Mold garden

Theme:Curious
Date:24.11.08
Author:

Stacy Levy


Glass, growth medium, mold spores, stainless steel hardware, 20” x 20” x 3”.

Enlarged images of common molds ( bread mold and fruit mold) were sandblasted onto glass, Each of the carved out areas in the glass became like tiny petri dishes which were filled with growth medium, and inoculated with mold spores. During the show the mold grew on the glass, creating a double portrait of the fungus, both life sized and hugely magnified.

Stacy Levy (b. 1960, Philadelphia, Pennsylvania) attended the Tyler School of Art, Temple University, Philadelphia, Pennsylvania (MFA 1991); Skowhegan School of Painting, Maine (1988); Yale University, New Haven, Connecticut (BA 1984); and the Architectural Association, London, England (1981). Though her degrees are in sculpture, Levy has trained in forestry, environmental science, and landscape architecture. Invited to exhibit at Documenta 11 in Kassel, Germany (2002); she has also received many public art commissions, and has had numerous solo and group exhibitions. Levy lives and works in Philadelphia.

"The twentieth century has employed the scientist as the translator of nature. Yet science uses a limited vocabulary to understand the world around us, and it is often in a language of separation rather than integration. It frequently neglects the presence of the viewer in its focus. The very nature of scientific analysis eliminates the subjective experience in favor of objective data.

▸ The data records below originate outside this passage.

definition nontriv_cyclic_subgroups :: "('a, 'b) monoid_scheme \<Rightarrow> 'a set set" where
  "nontriv_cyclic_subgroups G =
     {H. \<exists>a \<in> carrier G. H = generate G {a} \<and> H \<noteq> {\<one>\<^bsub>G\<^esub>}}"

definition Omega1 :: "('a, 'b) monoid_scheme \<Rightarrow> nat \<Rightarrow> 'a set" where
  "Omega1 G p = generate G {x \<in> carrier G. group.ord G x = p}"

definition group_exponent :: "('a, 'b) monoid_scheme \<Rightarrow> nat" where
  "group_exponent G = Lcm (group.ord G ` carrier G)"

end

theory Submission
  imports Defs
begin

(* For a \<noteq> 1 put c(a) = ord a * |C_G(a)|; by hypothesis c is constant.
   If p divides |G| and P is a Sylow p-subgroup of order p^a, an element z of order p in Z(P)
   is centralized by P, so p^(a+1) divides c(z) = c. Hence every nontrivial element has order
   divisible by p (otherwise its centralizer would have order divisible by p^(a+1)), and Cauchy's
   theorem makes G a p-group. Then z is central and c = p |G|: an element of order p has
   centralizer G, and a nontrivial central element has order p, so Omega_1(G) = Z(G).
   For b of order p^m = exp G, the set {b^i w | i < p^(m-1), w \<in> Z(G)} lies in C_G(b) and has
   p^(m-1) |Z(G)| elements, because b^i is central only if p^(m-1) divides i; comparing with
   |C_G(b)| = p^(n+1-m) gives the bound on |Z(G)|. *)

lemma (in group) centralizer_subgroup:
  assumes "S \<subseteq> carrier G"
  shows "subgroup (centralizer G S) G"
proof (rule subgroupI)
  show "centralizer G S \<subseteq> carrier G" by (auto simp: centralizer_def)
  show "centralizer G S \<noteq> {}"
    using assms by (auto simp: centralizer_def intro!: exI[of _ \<one>])
next
  fix x assume x: "x \<in> centralizer G S"
  have "inv x \<otimes> h = h \<otimes> inv x" if h: "h \<in> S" for h
  proof -
    have hc: "h \<in> carrier G" and xc: "x \<in> carrier G" and xh: "x \<otimes> h = h \<otimes> x"
      using assms x h by (auto simp: centralizer_def)
    have "inv x \<otimes> h = inv x \<otimes> (h \<otimes> x) \<otimes> inv x"
      using xc hc by (metis m_assoc r_inv r_one m_closed inv_closed)
    also have "\<dots> = inv x \<otimes> (x \<otimes> h) \<otimes> inv x" by (simp only: xh)
    also have "\<dots> = h \<otimes> inv x" using xc hc by (simp flip: m_assoc)
    finally show ?thesis .
  qed
  with x show "inv x \<in> centralizer G S" by (auto simp: centralizer_def)
next
  fix x y assume "x \<in> centralizer G S" "y \<in> centralizer G S"
  then show "x \<otimes> y \<in> centralizer G S"
    using assms unfolding centralizer_def by (auto simp: m_assoc) (metis m_assoc subsetD)
qed

lemma (in group) center_subgroup: "subgroup (center G) G"
  unfolding center_def by (rule centralizer_subgroup) simp

lemma (in group) card_subgroup_dvd:
  assumes "subgroup H G" "subgroup K G" "H \<subseteq> K"
  shows "card H dvd card K"
proof -
  interpret K: group "G\<lparr>carrier := K\<rparr>"
    using assms(2) by (rule subgroup_imp_group)
  have "subgroup H (G\<lparr>carrier := K\<rparr>)"
    using assms by (rule subgroup_incl)
  from K.lagrange[OF this] show ?thesis
    by (simp add: order_def) (metis dvd_triv_right)
qed

lemma (in group) ord_dvd_card_subgroup:
  assumes "subgroup H G" "x \<in> H"
  shows "ord x dvd card H"
proof -
  have x: "x \<in> carrier G" using assms subgroup.subset by blast
  have "generate G {x} \<subseteq> H" using assms generate_subgroup_incl by blast
  with x show ?thesis
    using card_subgroup_dvd[OF generate_is_subgroup assms(1)] generate_pow_card by auto
qed

lemma (in group) ord_pow_ord_div:
  assumes "x \<in> carrier G" "ord x \<noteq> 0" "q dvd ord x"
  shows "ord (x [^] (ord x div q)) = q"
proof -
  obtain k where k: "ord x = q * k" using assms(3) by blast
  then have "k \<noteq> 0" "q \<noteq> 0" using assms(2) by auto
  then show ?thesis using ord_pow[OF assms(1), of k] k by simp
qed
(* Let $r,s\ge2$ be fixed integers, and consider the equation in $x\in(-1,\infty)$ \[ (rs-r-s)\Big(1+\frac{x}{r-1}\Big)^{s-2}=(1+x)\Big(rs-r-s+sx+\frac{x(x+1)}{r-1}\Big).\tag{$\ast$} \] Then $x=0$ is a solution of $(\ast)$. Moreover: (a) If $s\in\{2,3,4\}$ and $(r,s)\ne(2,2)$, then $x=0$ is the unique solution of $(\ast)$ on $(-1,\infty)$. (b) If $s\ge5$ and $r\ge s-1$, then $(\ast)$ has no solutions on $(-1,0)$ and at most one solution on $(0,\infty)$. *)

theory Defs
  imports Complex_Main
begin

definition eqA2 :: "nat \<Rightarrow> nat \<Rightarrow> real \<Rightarrow> bool" where
  "eqA2 r s x \<longleftrightarrow>
     (real r * real s - real r - real s) * (1 + x / (real r - 1)) ^ (s - 2)
     = (1 + x) * (real r * real s - real r - real s + real s * x + x * (x + 1) / (real r - 1))"

end

theory Submission
  imports Defs
begin

(*
  With a = r - 1 and m = s - 2 the coefficient rs - r - s becomes a (m + 1) - 1 and the
  equation reads  (a (m + 1) - 1) (1 + x/a)^m = (1 + x) Q(x)  for a quadratic Q.
  For m \<le> 2, clearing denominators turns the difference of the two sides into x times a
  polynomial that is positive on (-1, \<infinity>).
  For m \<ge> 3 and a \<ge> m, the ratio G of the two sides satisfies G(0) = 1, and G' is a positive
  factor times a cubic R that is strictly convex on [-1, \<infinity>) and negative at -1 and 0.
  So R < 0 on [-1, 0] and G > 1 on (-1, 0). On (0, \<infinity>), two solutions x < y would give by
  Rolle a zero of R in (0, x); by convexity R > 0 beyond it, so G would increase strictly on
  [x, y], a contradiction.
*)

definition quad :: "real \<Rightarrow> nat \<Rightarrow> real \<Rightarrow> real" where
  "quad a m x = a * (real m + 1) - 1 + (real m + 2) * x + x * (x + 1) / a"

definition reduced_eq :: "real \<Rightarrow> nat \<Rightarrow> real \<Rightarrow> bool" where
  "reduced_eq a m x \<longleftrightarrow> (a * (real m + 1) - 1) * (1 + x / a) ^ m = (1 + x) * quad a m x"

lemma eqA2_iff_reduced_eq:
  assumes "2 \<le> s"
  shows "eqA2 r s x \<longleftrightarrow> reduced_eq (real r - 1) (s - 2) x"
  using assms by (simp add: eqA2_def reduced_eq_def quad_def of_nat_diff algebra_simps)
lemma ln_central_binomial_conv_sum_mangoldt:
  "ln (real ((2 * m) choose m)) =
     (\<Sum>d\<in>{1..2 * m}. mangoldt d * (real ((2 * m) div d) - 2 * real (m div d)))"
proof -
  have "real ((2 * m) choose m) = fact (2 * m) / (fact m * fact m)"
    using binomial_fact[of m "2 * m", where 'a = real] by (simp add: mult_2)
  then have "ln (real ((2 * m) choose m)) = ln (fact (2 * m)) - 2 * ln (fact m :: real)"
    by (simp add: ln_div ln_mult)
  also have "\<dots> = (\<Sum>d\<in>{1..2 * m}. mangoldt d * real ((2 * m) div d))
                   - 2 * (\<Sum>d\<in>{1..2 * m}. mangoldt d * real (m div d))"
    using ln_fact_conv_sum_mangoldt[of "2 * m" "2 * m"] ln_fact_conv_sum_mangoldt[of m "2 * m"]
    by simp
  also have "\<dots> = (\<Sum>d\<in>{1..2 * m}. mangoldt d * (real ((2 * m) div d) - 2 * real (m div d)))"
    by (simp add: sum_distrib_left sum_subtractf algebra_simps)
  finally show ?thesis .
qed

lemma double_div_bounds:
  fixes d m :: nat
  assumes "d > 0"
  shows "2 * (m div d) \<le> (2 * m) div d" "(2 * m) div d \<le> 2 * (m div d) + 1"
proof -
  have "2 * m = 2 * (m mod d) + 2 * (m div d) * d"
    by (metis div_mult_mod_eq distrib_left mult.assoc add.commute)
  then have "(2 * m) div d = 2 * (m div d) + (2 * (m mod d)) div d"
    using assms by (metis div_mult_self1 not_gr0)
  moreover have "(2 * (m mod d)) div d < 2"
    using assms by (simp add: div_less_iff_less_mult)
  ultimately show "2 * (m div d) \<le> (2 * m) div d" "(2 * m) div d \<le> 2 * (m div d) + 1"
    by linarith+
qed

lemma ln_central_binomial_le_chebyshev_psi:
  "ln (real ((2 * m) choose m)) \<le> chebyshev_psi (2 * m)"
  unfolding ln_central_binomial_conv_sum_mangoldt chebyshev_psi_def
proof (intro sum_mono)
  fix d assume "d \<in> {1..2 * m}"
  then have "real ((2 * m) div d) - 2 * real (m div d) \<le> 1"
    using double_div_bounds(2)[of d m] by simp
  then show "mangoldt d * (real ((2 * m) div d) - 2 * real (m div d)) \<le> mangoldt d"
    using mangoldt_nonneg[of d] by (simp add: mult_left_le)
qed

Art has a freer tongue and many languages at its disposal. Without a debt to empirical positivism, art can bind the separate views of science and culture to formulate another way of picturing the earth, in which the viewers are both seeing the natural world and are aware of their part in it at the same time.
 My installations investigate aspects of the natural processes which make each site as we know it. Bringing the wind indoors to blow across a compass of 1000 flags, mapping a river with waters from its tributaries and collecting the summer's rainfall are all sculptural inventions which make the invisible forces of nature more salient to the viewer. In my work I attempt to re-explain the scientific explanation of natural systems by redefining their visual components. Meshing the clarity of diagrams and accessibility of maps with the more visceral sense of the site, I try to create an instant of wonder and understanding for the viewer."